From: Tom Lane <tgl(at)sss(dot)pgh(dot)pa(dot)us>
To: "Marinos Yannikos" <mjy(at)geizhals(dot)at>
Cc: "PostgreSQL Bugs" <pgsql-bugs(at)postgresql(dot)org>
Subject: Re: Ident authentication fails due to bind error on server (8.4.8)
Date: 2011-06-17 15:41:21
Message-ID: 17691.1308325281@sss.pgh.pa.us
Views: Raw Message | Whole Thread | Download mbox | Resend email
Thread:
Lists: pgsql-bugs

"Marinos Yannikos" <mjy(at)geizhals(dot)at> writes:
> I'm not sure that this is not a configuration or networking issue (so
> apologies if it is), but we seem to be getting rare (a few times/day)
> failures with ident authentication because several clients attempt to do
> it simultaneously over a high-latency connection (capitalized = edited
> IPs/username etc.):

> [DB CLIENTADDR(51985) 3173 2011-06-17 10:49:56 CEST] LOG: could not bind
> to local address "SERVERADDR": Address already in use
> [DB CLIENTADDR(51985) 3173 2011-06-17 10:49:56 CEST] FATAL: Ident
> authentication failed for user "USER"

Hm. What platform is this on?

> Is this a possible race condition in src/backend/libpq/auth.c ?

I don't think it's a race condition per se. The code ought to be
setting up the address argument for bind() with sin_port = 0 so that
an unused port number gets assigned. That seems to be what happens on
a couple of machines that I tried here, but I notice that the Linux
manpage for getaddrinfo says

service sets the port in each returned address structure. If
this argument is a service name (see services(5)), it is
translated to the corresponding port number. This argument can
also be specified as a decimal number, which is simply converted
to binary. If service is NULL, then the port number of the
returned socket addresses will be left uninitialized.

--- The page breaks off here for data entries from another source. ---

(* Consider federated averaging with $K$ clients over the objective $F(w)=\frac1K\sum_{k=1}^K f_k(w)$, $w\in\mathbb{R}^d$, with $Q\ge1$ local steps of stepsize $\beta>0$ and server update $w^{t+1}=w^t+\bar\Delta^t+\varepsilon^t$ (notation in the context). Assume: (A1) each $f_k$ is $L$-smooth (hence $F$ is $L$-smooth) and $F(w)\ge F_\star$ for all $w$; (A2) $\mathbb{E}[g_{k,q}^t\mid w_{k,q}^t]=\nabla f_k(w_{k,q}^t)$ for all $k,q,t$; (A3) $\|g_{k,q}^t\|\le G$ almost surely for all $k,q,t$; (A4) $\mathbb{E}[\|g_{k,q}^t-\nabla f_k(w_{k,q}^t)\|^2\mid w_{k,q}^t]\le\sigma_g^2$, and the gradient noises $g_{k,q}^t-\nabla f_k(w_{k,q}^t)$ of different clients are conditionally uncorrelated given the local iterates; (A5) the aggregation error satisfies $\mathbb{E}[\varepsilon^t\mid\mathcal{F}_t,\{\Delta_k^t\}_{k=1}^K]=0$ (hence $\mathbb{E}[\varepsilon^t\mid\mathcal{F}_t]=0$) and $\mathbb{E}\|\varepsilon^t\|^2\le\sigma_{\mathrm{air}}^2$ for all $t$. If $\beta\le\frac{1}{8LQ}$, then for every $T\ge1$, $$\frac1T\sum_{t=0}^{T-1}\mathbb{E}\|\nabla F(w^t)\|^2\le\frac{4(F(w^0)-F_\star)}{\beta QT}+2L^2\beta^2Q^2G^2+8L^3\beta^3Q^3G^2+\frac{4L\beta Q}{K}\sigma_g^2+\frac{2L}{\beta Q}\sigma_{\mathrm{air}}^2.$$
   Context: Federated averaging (FedAvg) setup: client $k$ has a local objective $f_k:\mathbb{R}^d\to\mathbb{R}$. At round $t=0,1,\dots$ the server holds $w^t$; each client sets $w_{k,0}^t=w^t$ and runs $w_{k,q+1}^t=w_{k,q}^t-\beta g_{k,q}^t$ for $q=0,\dots,Q-1$, where $g_{k,q}^t$ are stochastic gradients. The local increment is $\Delta_k^t=w_{k,Q}^t-w^t=-\beta\sum_{q=0}^{Q-1}g_{k,q}^t$ and the ideal aggregate is $\bar\Delta^t=\frac1K\sum_{k=1}^K\Delta_k^t$ (all $K$ clients participate). The server applies $w^{t+1}=w^t+\bar\Delta^t+\varepsilon^t$, where $\varepsilon^t\in\mathbb{R}^d$ is the (over-the-air) aggregation error, and $\sigma_{\mathrm{air}}^2\ge0$ is a constant. $\mathcal{F}_t$ denotes the sigma-field generated by the global model and all randomness up to the beginning of round $t$. *)

theory Defs
  imports "HOL-Probability.Probability"
begin

primrec fl_local :: "real \<Rightarrow> (nat \<Rightarrow> 'a::real_vector) \<Rightarrow> 'a \<Rightarrow> nat \<Rightarrow> 'a" where
  "fl_local beta h x 0 = x"
| "fl_local beta h x (Suc q) = fl_local beta h x q - beta *\<^sub>R h q"

text \<open>Global FedAvg iterate w^t (as a function of the sample point), with
  g k q t = g_{k,q}^t, clients k in {..<K}, eps t = aggregation error of round t.\<close>
primrec fl_global :: "real \<Rightarrow> nat \<Rightarrow> nat \<Rightarrow> 'a::real_vector
    \<Rightarrow> (nat \<Rightarrow> nat \<Rightarrow> nat \<Rightarrow> 'b \<Rightarrow> 'a) \<Rightarrow> (nat \<Rightarrow> 'b \<Rightarrow> 'a) \<Rightarrow> nat \<Rightarrow> 'b \<Rightarrow> 'a" where
  "fl_global beta K Q w0 g eps 0 \<omega> = w0"
| "fl_global beta K Q w0 g eps (Suc t) \<omega> =
     (let x = fl_global beta K Q w0 g eps t \<omega> in
        x + (1 / real K) *\<^sub>R (\<Sum>k<K. fl_local beta (\<lambda>q. g k q t \<omega>) x Q - x) + eps t \<omega>)"

definition fl_witer :: "real \<Rightarrow> nat \<Rightarrow> nat \<Rightarrow> 'a::real_vector
    \<Rightarrow> (nat \<Rightarrow> nat \<Rightarrow> nat \<Rightarrow> 'b \<Rightarrow> 'a) \<Rightarrow> (nat \<Rightarrow> 'b \<Rightarrow> 'a) \<Rightarrow> nat \<Rightarrow> nat \<Rightarrow> nat \<Rightarrow> 'b \<Rightarrow> 'a" where
  "fl_witer beta K Q w0 g eps t k q \<omega> =
     fl_local beta (\<lambda>q. g k q t \<omega>) (fl_global beta K Q w0 g eps t \<omega>) q"

definition gen_sigma :: "'b measure \<Rightarrow> 'b set set \<Rightarrow> ('i \<Rightarrow> 'b \<Rightarrow> 'a::topological_space) \<Rightarrow> 'i set \<Rightarrow> 'b measure" where
  "gen_sigma M S X I =
     sigma (space M) (S \<union> (\<Union>i\<in>I. {X i -` B \<inter> space M | B. B \<in> sets borel}))"

definition is_cond_exp :: "'b measure \<Rightarrow> 'b measure \<Rightarrow> ('b \<Rightarrow> 'a::{banach,second_countable_topology}) \<Rightarrow> ('b \<Rightarrow> 'a) \<Rightarrow> bool" where
  "is_cond_exp M N X Y \<longleftrightarrow>
     subalgebra M N \<and> integrable M X \<and> Y \<in> borel_measurable N \<and> integrable M Y \<and>
     (\<forall>A\<in>sets N. (\<integral>\<omega>. indicator A \<omega> *\<^sub>R X \<omega> \<partial>M) = (\<integral>\<omega>. indicator A \<omega> *\<^sub>R Y \<omega> \<partial>M))"

end

theory Submission
  imports Defs
begin

text \<open>Write F for the average objective and x_t for the gradient of F at w^t. One round
  moves the model by D_t + eps_t with D_t = -beta * sum_q (a_q + n_q), where a_q averages the
  true client gradients at the q-th local iterates and n_q the gradient noises. Bounded
  stochastic gradients keep the local iterates within beta Q G of w^t, so a_q is within
  L beta Q G of x_t, and the descent lemma together with 8 L beta Q <= 1 gives
  F(w^(t+1)) - F(w^t) <= - (beta Q / 4) |x_t|^2 - beta sum_q x_t . n_q + (x_t + L D_t) . eps_t
    + L beta^2 Q sum_q |n_q|^2 + (L/2) |eps_t|^2 + const.
  The two cross terms have mean zero by (A2) and (A5), uncorrelatedness (A4) gives
  E |n_q|^2 <= sigma_g^2 / K, and telescoping over the rounds against F >= F_star yields
  the bound.\<close>

lemma norm_sum_squared_le:
  fixes v :: "nat \<Rightarrow> 'a::real_normed_vector"
  shows "(norm (\<Sum>i<n. v i))\<^sup>2 \<le> real n * (\<Sum>i<n. (norm (v i))\<^sup>2)"
proof -
  have "(norm (\<Sum>i<n. v i))\<^sup>2 \<le> (\<Sum>i<n. norm (v i))\<^sup>2"
    by (intro power_mono norm_sum) auto
  also have "\<dots> \<le> (\<Sum>i<n. (norm (v i))\<^sup>2) * card {..<n}"
    by (rule sum_squared_le_sum_of_squares)
  finally show ?thesis by (simp add: mult.commute)
qed
(* Identify $\mathbb{C}^4$ with $\mathbb{R}^8$. Let $\omega=e^{2\pi i/3}$, $\mathcal{E}=\mathbb{Z}[\omega]$, and $\theta=\omega-\bar\omega$. For a finite set $S\subset\mathbb{C}^4$ let $\langle S\rangle_{\mathcal E}$ denote the set of $\mathcal{E}$-linear combinations of elements of $S$. Define six sets of four vectors: $S_1=\{(\theta,0,0,0),(0,\theta,0,0),(0,0,\theta,0),(0,0,0,\theta)\}$; $S_2=\{(0,1,-1,1),(1,0,-1,-1),(1,-1,0,1),(1,1,1,0)\}$; $S_3=\{(0,1,-1,\omega),(1,0,-\omega,-\bar\omega),(1,-\omega,0,\bar\omega),(1,\omega,\omega,0)\}$; $S_4=\{(0,1,-\omega,\omega),(1,0,-\omega,-\omega),(1,-1,0,\omega),(1,1,\omega,0)\}$; $S_5=\{(0,1,-\omega,\bar\omega),(1,0,-\bar\omega,-1),(1,-\omega,0,1),(1,\omega,\bar\omega,0)\}$; $S_6=\{(0,1,-\omega,1),(1,0,-1,-\bar\omega),(1,-\bar\omega,0,\bar\omega),(1,\bar\omega,1,0)\}$; and for $j=3,4,5,6$ let $S_{j+4}=\overline{S_j}$ be obtained by complex-conjugating every coordinate. Let $\Lambda_k=\langle S_k\rangle_{\mathcal E}$ for $k=1,\dots,10$ (each a copy of $\mathcal{E}^4\cong A_2^4$). Then $$\Lambda_1\cap\cdots\cap\Lambda_{10}=\Lambda_1\cap\Lambda_2=\langle \theta(\theta,0,0,0),\ \theta(0,\theta,0,0),\ \theta(1,1,1,0),\ \theta(0,1,-1,1)\rangle_{\mathcal E},$$ and this lattice is a copy of the $E_8$ lattice.
   Context: $\mathcal{E}=\{a+b\omega:a,b\in\mathbb{Z}\}$ is the ring of Eisenstein integers; regarded as a real 2-dimensional lattice it is similar to the hexagonal lattice $A_2$. $E_8$ is the 8-dimensional root lattice (up to similarity). *)

theory Defs
  imports "HOL-Analysis.Analysis"
begin

definition omega :: complex where
  "omega = cis (2 * pi / 3)"

definition theta :: complex where
  "theta = omega - cnj omega"

definition eisenstein :: "complex set" where
  "eisenstein = {of_int a + of_int b * omega | a b. True}"

definition espan :: "(complex ^ 4) list \<Rightarrow> (complex ^ 4) set" where
  "espan S = {x. \<exists>c :: nat \<Rightarrow> complex. (\<forall>i<length S. c i \<in> eisenstein) \<and>
                 x = (\<Sum>i<length S. c i *s (S ! i))}"

definition vconj :: "complex ^ 4 \<Rightarrow> complex ^ 4" where
  "vconj v = (\<chi> i. cnj (v $ i))"

definition S1 :: "(complex ^ 4) list" where
  "S1 = [vector [theta,0,0,0], vector [0,theta,0,0], vector [0,0,theta,0], vector [0,0,0,theta]]"
definition S2 :: "(complex ^ 4) list" where
  "S2 = [vector [0,1,-1,1], vector [1,0,-1,-1], vector [1,-1,0,1], vector [1,1,1,0]]"
definition S3 :: "(complex ^ 4) list" where
  "S3 = [vector [0,1,-1,omega], vector [1,0,-omega,-cnj omega], vector [1,-omega,0,cnj omega],
         vector [1,omega,omega,0]]"
definition S4 :: "(complex ^ 4) list" where
  "S4 = [vector [0,1,-omega,omega], vector [1,0,-omega,-omega], vector [1,-1,0,omega],
         vector [1,1,omega,0]]"
definition S5 :: "(complex ^ 4) list" where
  "S5 = [vector [0,1,-omega,cnj omega], vector [1,0,-cnj omega,-1], vector [1,-omega,0,1],
         vector [1,omega,cnj omega,0]]"
definition S6 :: "(complex ^ 4) list" where
  "S6 = [vector [0,1,-omega,1], vector [1,0,-1,-cnj omega], vector [1,-cnj omega,0,cnj omega],
         vector [1,cnj omega,1,0]]"

definition Sset :: "nat \<Rightarrow> (complex ^ 4) list" where
  "Sset k = (if k = 1 then S1 else if k = 2 then S2 else if k = 3 then S3
             else if k = 4 then S4 else if k = 5 then S5 else if k = 6 then S6
             else if k = 7 then map vconj S3 else if k = 8 then map vconj S4
             else if k = 9 then map vconj S5 else if k = 10 then map vconj S6 else [])"

definition Lam :: "nat \<Rightarrow> (complex ^ 4) set" where
  "Lam k = espan (Sset k)"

In principle this wording would allow getaddrinfo to return the same
nonzero port number in multiple backends, which would lead to the
reported failure if they were doing ident verification at the same time.
I'm thinking maybe we should explicitly pass "0" rather than NULL to
getaddrinfo here. On the other hand, it seems to work reliably as-is
on my Linux machine, so this is just speculation at this point.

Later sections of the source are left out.